Posted by Aaron Davidson <il...@gmail.com>.
You might be seeing the result of this patch:
https://github.com/apache/spark/commit/d069c5d9d2f6ce06389ca2ddf0b3ae4db72c5797
which was introduced in 1.1.1. This patch disabled the ability for take()
to run without launching a Spark job, which means that the latency is
significantly increased for small jobs (but not for large ones). You can
try enabling local execution and seeing if your problem goes away.

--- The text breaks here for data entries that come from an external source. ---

lemma s_mul_poly_carrier:
  assumes f: "f \<in> poly_carrier n" and g: "g \<in> poly_carrier n"
  shows "s_mul f g \<in> poly_carrier n"
proof -
  have "{\<alpha>. s_mul f g \<alpha> \<noteq> 0} \<subseteq> (\<lambda>(\<beta>, \<gamma>) i. \<beta> i + \<gamma> i) ` ({\<beta>. f \<beta> \<noteq> 0} \<times> {\<gamma>. g \<gamma> \<noteq> 0})"
  proof
    fix \<alpha> assume "\<alpha> \<in> {\<alpha>. s_mul f g \<alpha> \<noteq> 0}"
    hence "(\<Sum>\<beta>\<in>exps_le \<alpha>. f \<beta> * g (\<lambda>i. \<alpha> i - \<beta> i)) \<noteq> 0" by (simp add: s_mul_exps_le)
    then obtain \<beta> where b: "\<beta> \<in> exps_le \<alpha>" "f \<beta> * g (\<lambda>i. \<alpha> i - \<beta> i) \<noteq> 0"
      by (meson sum.not_neutral_contains_not_neutral)
    have "\<alpha> = (\<lambda>i. \<beta> i + (\<alpha> i - \<beta> i))" using b(1) by (auto simp: exps_le_def fun_eq_iff)
    thus "\<alpha> \<in> (\<lambda>(\<beta>, \<gamma>) i. \<beta> i + \<gamma> i) ` ({\<beta>. f \<beta> \<noteq> 0} \<times> {\<gamma>. g \<gamma> \<noteq> 0})"
      using b(2) by (intro image_eqI[of _ _ "(\<beta>, \<lambda>i. \<alpha> i - \<beta> i)"]) auto
  qed
  moreover have "finite ({\<beta>. f \<beta> \<noteq> 0} \<times> {\<gamma>. g \<gamma> \<noteq> 0})"
    using f g by (simp add: poly_carrier_def)
  ultimately have "finite {\<alpha>. s_mul f g \<alpha> \<noteq> 0}" using finite_subset by blast
  thus ?thesis using f g s_mul_ps_carrier[of f g] by (auto simp: poly_carrier_def)
qed

lemma series_ring_mul: "f \<in> R \<Longrightarrow> g \<in> R \<Longrightarrow> s_mul f g \<in> R"
  using R s_mul_poly_carrier s_mul_ps_carrier by (auto simp: series_ring_def)

end

definition mcarrier :: "('k::comm_ring_1) ser set \<Rightarrow> 'k mser set" where
  "mcarrier R = {x. Rep_mser x \<in> R}"

definition mconst :: "'k \<Rightarrow> ('k::comm_ring_1) mser" where
  "mconst c = Abs_mser (s_smult c s_one)"

definition mvar :: "nat \<Rightarrow> ('k::comm_ring_1) mser" where
  "mvar i = Abs_mser (var i)"

definition mpd :: "nat \<Rightarrow> ('k::comm_ring_1) mser \<Rightarrow> 'k mser" where
  "mpd i x = Abs_mser (pd i (Rep_mser x))"

definition mder :: "('k ser \<Rightarrow> 'k ser) \<Rightarrow> ('k::comm_ring_1) mser \<Rightarrow> 'k mser" where
  "mder e x = Abs_mser (e (Rep_mser x))"

lemma Rep_mconst: "Rep_mser (mconst c) = s_smult c s_one"
  unfolding mconst_def by (rule Rep_Abs_mser) (simp add: s_smult_def s_one_not_fin_supp)

lemma Rep_mvar: "Rep_mser (mvar i) = var i"
  unfolding mvar_def by (rule Rep_Abs_mser) (use fin_supp_unit_exp in \<open>auto simp: var_def\<close>)

lemma Rep_mpd: "Rep_mser (mpd i x) = pd i (Rep_mser x)"
  unfolding mpd_def by (rule Rep_Abs_mser) (simp add: pd_def Rep_mser_not_fin_supp fin_supp_fun_upd)

lemma Rep_mvar_mult:
  "Rep_mser (mvar j * y) \<gamma> = (if \<gamma> j \<ge> 1 then Rep_mser y (\<gamma>(j := \<gamma> j - 1)) else 0)"
proof (cases "fin_supp \<gamma>")
  case False
  thus ?thesis by (simp add: Rep_mser_not_fin_supp fin_supp_fun_upd)
next
  case True
  have "Rep_mser (mvar j * y) \<gamma>
      = (\<Sum>\<beta>\<in>exps_le \<gamma>. if \<beta> = unit_exp j then Rep_mser y (\<lambda>i. \<gamma> i - \<beta> i) else 0)"
    unfolding Rep_mser_mult Rep_mvar s_mul_exps_le var_def by (rule sum.cong) auto
  also have "\<dots> = (if unit_exp j \<in> exps_le \<gamma> then Rep_mser y (\<lambda>i. \<gamma> i - unit_exp j i) else 0)"
    using finite_exps_le[OF True] by (simp add: sum.delta)
  also have "unit_exp j \<in> exps_le \<gamma> \<longleftrightarrow> \<gamma> j \<ge> 1"
    by (auto simp: exps_le_def unit_exp_def dest: spec[of _ j])
  also have "(\<lambda>i. \<gamma> i - unit_exp j i) = \<gamma>(j := \<gamma> j - 1)"
    by (auto simp: unit_exp_def fun_eq_iff)
  finally show ?thesis .
qed

lemma mpd_mult: "mpd i (x * y) = x * mpd i y + mpd i x * y"
  by (simp add: Rep_mser_inject[symmetric] Rep_mpd Rep_mser_mult Rep_mser_add pd_s_mul)

lemma mpd_add: "mpd i (x + y) = mpd i x + mpd i y"
  by (simp add: Rep_mser_inject[symmetric] Rep_mpd Rep_mser_add pd_def s_add_def distrib_left fun_eq_iff)

lemma mpd_zero: "mpd i 0 = 0"
  by (simp add: Rep_mser_inject[symmetric] Rep_mpd Rep_mser_zero pd_def fun_eq_iff s_zero_def)

lemma mpd_sum: "mpd i (sum F A) = (\<Sum>a\<in>A. mpd i (F a))"
  by (induction A rule: infinite_finite_induct) (simp_all add: mpd_zero mpd_add)

lemma s_one_fun_upd_Suc: "s_one (\<alpha>(i := Suc k)) = 0"
proof -
  have "\<not> (\<forall>j. (\<alpha>(i := Suc k)) j = 0)" by (metis fun_upd_same nat.distinct(1))
  thus ?thesis unfolding s_one_def by (rule if_not_P)
qed

lemma mpd_mconst: "mpd i (mconst c) = 0"
  by (simp add: Rep_mser_inject[symmetric] Rep_mpd Rep_mser_zero Rep_mconst pd_def fun_eq_iff
      s_zero_def s_smult_def s_one_fun_upd_Suc)

lemma mpd_one: "mpd i 1 = 0"
  by (simp add: Rep_mser_inject[symmetric] Rep_mpd Rep_mser_zero Rep_mser_one pd_def fun_eq_iff
      s_zero_def s_one_fun_upd_Suc)

lemma mpd_mvar: "mpd i (mvar j) = of_bool (i = j)"
proof (cases "i = j")
  case True
  have "\<alpha>(j := Suc (\<alpha> j)) = unit_exp j \<longleftrightarrow> \<alpha> = (\<lambda>i. 0)" for \<alpha> :: "nat \<Rightarrow> nat"
    by (auto simp: unit_exp_def fun_eq_iff split: if_splits)
  thus ?thesis
    using True by (simp add: Rep_mser_inject[symmetric] Rep_mpd Rep_mser_one Rep_mvar pd_def var_def
        s_one_def fun_eq_iff)
next
  case False
  have "\<alpha>(i := Suc (\<alpha> i)) \<noteq> unit_exp j" for \<alpha> :: "nat \<Rightarrow> nat"
    using False by (auto simp: unit_exp_def fun_eq_iff dest: spec[of _ i])
  hence "pd i (var j) = (s_zero :: 'a ser)" by (intro ext) (simp add: pd_def var_def s_zero_def)
  thus ?thesis using False by (simp add: Rep_mser_inject[symmetric] Rep_mpd Rep_mser_zero Rep_mvar)
qed

context
  fixes n :: nat and R :: "('k::comm_ring_1) ser set"
  assumes R: "series_ring n R"
begin

lemma Rep_Abs_series_ring: "f \<in> R \<Longrightarrow> Rep_mser (Abs_mser f) = f"
  using series_ring_not_fin_supp[OF R] by (intro Rep_Abs_mser) blast

lemma Abs_mser_in_mcarrier: "f \<in> R \<Longrightarrow> Abs_mser f \<in> mcarrier R"
  by (simp add: mcarrier_def Rep_Abs_series_ring)

lemma mcarrier_zero: "0 \<in> mcarrier R"
  by (simp add: mcarrier_def Rep_mser_zero series_ring_zero[OF R])

lemma mcarrier_one: "1 \<in> mcarrier R"
  by (simp add: mcarrier_def Rep_mser_one series_ring_one[OF R])

lemma mcarrier_add: "x \<in> mcarrier R \<Longrightarrow> y \<in> mcarrier R \<Longrightarrow> x + y \<in> mcarrier R"
  by (simp add: mcarrier_def Rep_mser_add series_ring_add[OF R])

lemma mcarrier_mult: "x \<in> mcarrier R \<Longrightarrow> y \<in> mcarrier R \<Longrightarrow> x * y \<in> mcarrier R"
  by (simp add: mcarrier_def Rep_mser_mult series_ring_mul[OF R])

lemma mcarrier_uminus: "x \<in> mcarrier R \<Longrightarrow> - x \<in> mcarrier R"
  by (simp add: mcarrier_def Rep_mser_uminus series_ring_uminus[OF R])

lemma mcarrier_diff: "x \<in> mcarrier R \<Longrightarrow> y \<in> mcarrier R \<Longrightarrow> x - y \<in> mcarrier R"
  by (simp only: diff_conv_add_uminus mcarrier_add mcarrier_uminus)

lemma mcarrier_sum: "(\<And>a. a \<in> A \<Longrightarrow> F a \<in> mcarrier R) \<Longrightarrow> sum F A \<in> mcarrier R"
  by (induction A rule: infinite_finite_induct) (simp_all add: mcarrier_zero mcarrier_add)

lemma mcarrier_mconst: "mconst c \<in> mcarrier R"
  by (simp add: mcarrier_def Rep_mconst series_ring_smult[OF R series_ring_one[OF R]])

lemma mcarrier_mvar: "i < n \<Longrightarrow> mvar i \<in> mcarrier R"
  by (simp add: mcarrier_def Rep_mvar series_ring_var[OF R])

lemma mcarrier_mpd: "x \<in> mcarrier R \<Longrightarrow> mpd i x \<in> mcarrier R"
  by (simp add: mcarrier_def Rep_mpd series_ring_pd[OF R])

context
  fixes e :: "'k ser \<Rightarrow> 'k ser"
  assumes e: "is_kderivation R e"
begin

lemma Rep_mder: "x \<in> mcarrier R \<Longrightarrow> Rep_mser (mder e x) = e (Rep_mser x)"
  using e unfolding mder_def mcarrier_def is_kderivation_def by (intro Rep_Abs_series_ring) auto

lemma mcarrier_mder: "x \<in> mcarrier R \<Longrightarrow> mder e x \<in> mcarrier R"
  using e by (simp add: Rep_mder mcarrier_def is_kderivation_def)

lemma mder_add:
  assumes "x \<in> mcarrier R" "y \<in> mcarrier R"
  shows "mder e (x + y) = mder e x + mder e y"
proof -
  have "Rep_mser (mder e (x + y)) = e (s_add (Rep_mser x) (Rep_mser y))"
    using assms by (simp add: Rep_mder mcarrier_add Rep_mser_add)
  also have "\<dots> = s_add (e (Rep_mser x)) (e (Rep_mser y))"
    using assms e by (simp add: is_kderivation_def mcarrier_def)
  also have "\<dots> = Rep_mser (mder e x + mder e y)"
    using assms by (simp add: Rep_mser_add Rep_mder)
  finally show ?thesis by (simp add: Rep_mser_inject)
qed

lemma mder_mult:
  assumes "x \<in> mcarrier R" "y \<in> mcarrier R"
  shows "mder e (x * y) = x * mder e y + mder e x * y"
proof -
  have "Rep_mser (mder e (x * y)) = e (s_mul (Rep_mser x) (Rep_mser y))"
    using assms by (simp add: Rep_mder mcarrier_mult Rep_mser_mult)
  also have "\<dots> = s_add (s_mul (Rep_mser x) (e (Rep_mser y))) (s_mul (e (Rep_mser x)) (Rep_mser y))"
    using assms e by (simp add: is_kderivation_def mcarrier_def)
  also have "\<dots> = Rep_mser (x * mder e y + mder e x * y)"
    using assms by (simp add: Rep_mser_add Rep_mser_mult Rep_mder)
  finally show ?thesis by (simp add: Rep_mser_inject)
qed

lemma mder_zero: "mder e 0 = 0"
  using mder_add[OF mcarrier_zero mcarrier_zero] by simp

lemma mder_one: "mder e 1 = 0"
  using mder_mult[OF mcarrier_one mcarrier_one] by simp

lemma mder_mconst: "mder e (mconst c) = 0"
proof -
  have "Rep_mser (mder e (mconst c)) = e (s_smult c (Rep_mser 1))"
    by (simp add: Rep_mder mcarrier_mconst Rep_mconst Rep_mser_one)
  also have "\<dots> = s_smult c (Rep_mser (mder e 1))"
    using e mcarrier_one by (simp add: is_kderivation_def mcarrier_def Rep_mder)
  finally show ?thesis
    by (simp add: mder_one Rep_mser_zero s_smult_def s_zero_def Rep_mser_inject[symmetric])
qed

lemma mder_sum:
  "(\<And>a. a \<in> A \<Longrightarrow> F a \<in> mcarrier R) \<Longrightarrow> mder e (sum F A) = (\<Sum>a\<in>A. mder e (F a))"
proof (induction A rule: infinite_finite_induct)
  case (insert a A)
  thus ?case by (simp add: mder_add mcarrier_sum)
qed (simp_all add: mder_zero)

end

end

section \<open>Derivations are determined by their values on the variables\<close>

text \<open>\<open>var_quot j x\<close> collects the terms of \<open>x\<close> whose first variable of positive exponent is
  \<open>x\<^sub>j\<close>, divided by \<open>x\<^sub>j\<close>; hence \<open>x = x(0) + \<Sum>\<^sub>j x\<^sub>j \<cdot> var_quot j x\<close>.\<close>
definition var_quot :: "nat \<Rightarrow> ('k::comm_ring_1) mser \<Rightarrow> 'k mser" where
  "var_quot j x = Abs_mser (\<lambda>\<alpha>. if \<forall>k<j. \<alpha> k = 0 then Rep_mser x (\<alpha>(j := \<alpha> j + 1)) else 0)"

lemma sum_fun_upd_decrease:
  fixes \<gamma> :: "nat \<Rightarrow> nat"
  assumes "j < n" "\<gamma> j \<ge> 1"
  shows "(\<Sum>i<n. (\<gamma>(j := \<gamma> j - 1)) i) < (\<Sum>i<n. \<gamma> i)"
proof -
  have j: "j \<in> {..<n}" using assms(1) by simp
  have "(\<Sum>i<n. (\<gamma>(j := \<gamma> j - 1)) i) = (\<gamma> j - 1) + (\<Sum>i\<in>{..<n} - {j}. \<gamma> i)"
    by (simp add: sum.remove[OF finite_lessThan j])
  also have "\<dots> < \<gamma> j + (\<Sum>i\<in>{..<n} - {j}. \<gamma> i)"
    using assms(2) by simp
  also have "\<dots> = (\<Sum>i<n. \<gamma> i)"
    by (simp add: sum.remove[OF finite_lessThan j])
  finally show ?thesis .
qed

lemma sum_first_nonzero:
  fixes \<gamma> :: "nat \<Rightarrow> nat"
  assumes "\<gamma> \<in> exps n" "\<gamma> \<noteq> (\<lambda>i. 0)"
  shows "(\<Sum>j<n. if \<gamma> j \<ge> 1 \<and> (\<forall>k<j. \<gamma> k = 0) then c else 0) = c"
proof -
  define j0 where "j0 = (LEAST j. \<gamma> j \<noteq> 0)"
  obtain i0 where "\<gamma> i0 \<noteq> 0" using assms(2) by auto
  hence j0: "\<gamma> j0 \<noteq> 0" unfolding j0_def by (rule LeastI)
  have "j0 < n" using j0 assms(1) by (auto simp: exps_def not_less[symmetric])
  moreover have "\<gamma> j \<ge> 1 \<and> (\<forall>k<j. \<gamma> k = 0) \<longleftrightarrow> j = j0" for j
  proof
    assume "\<gamma> j \<ge> 1 \<and> (\<forall>k<j. \<gamma> k = 0)"
    thus "j = j0" unfolding j0_def by (intro Least_equality[symmetric]) (auto simp: not_less[symmetric])
  next
    assume "j = j0"
    thus "\<gamma> j \<ge> 1 \<and> (\<forall>k<j. \<gamma> k = 0)" using j0 by (auto simp: j0_def dest: not_less_Least)
  qed
  ultimately show ?thesis by (simp add: sum.delta)
qed

context
  fixes n :: nat and R :: "('k::comm_ring_1) ser set"
  assumes R: "series_ring n R"
begin

lemma var_quot_in_series_ring:
  assumes "x \<in> mcarrier R"
  shows "(\<lambda>\<alpha>. if \<forall>k<j. \<alpha> k = 0 then Rep_mser x (\<alpha>(j := \<alpha> j + 1)) else 0) \<in> R"
  by (rule series_ring_shift[OF R, where j = j]) (use assms in \<open>auto simp: mcarrier_def split: if_splits\<close>)

lemma mcarrier_var_quot: "x \<in> mcarrier R \<Longrightarrow> var_quot j x \<in> mcarrier R"
  unfolding var_quot_def by (rule Abs_mser_in_mcarrier[OF R var_quot_in_series_ring])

On Wed, Feb 18, 2015 at 5:10 PM, Matt Cheah <mc...@palantir.com> wrote:
> I actually tested Spark 1.2.0 with the code in the rdd.take() method
> swapped out for what was in Spark 1.0.2. The run time was still slower,
> which indicates to me something at work lower in the stack.
>
> -Matt Cheah
>
> On 2/18/15, 4:54 PM, "Patrick Wendell" <pw...@gmail.com> wrote:
>
> >I believe the heuristic governing the way that take() decides to fetch
> >partitions changed between these versions. It could be that in certain
> >cases the new heuristic is worse, but it might be good to just look at
> >the source code and see, for your number of elements taken and number
> >of partitions, if there was any effective change in how aggressively
> >spark fetched partitions.
> >
> >This was quite a while ago, but I think the change was made because in
> >many cases the newer code works more efficiently.
> >
> >- Patrick
> >
> >On Wed, Feb 18, 2015 at 4:47 PM, Matt Cheah <mc...@palantir.com> wrote:
> >> Hi everyone,
> >>
> >> Between Spark 1.0.2 and Spark 1.1.1, I have noticed that rdd.take()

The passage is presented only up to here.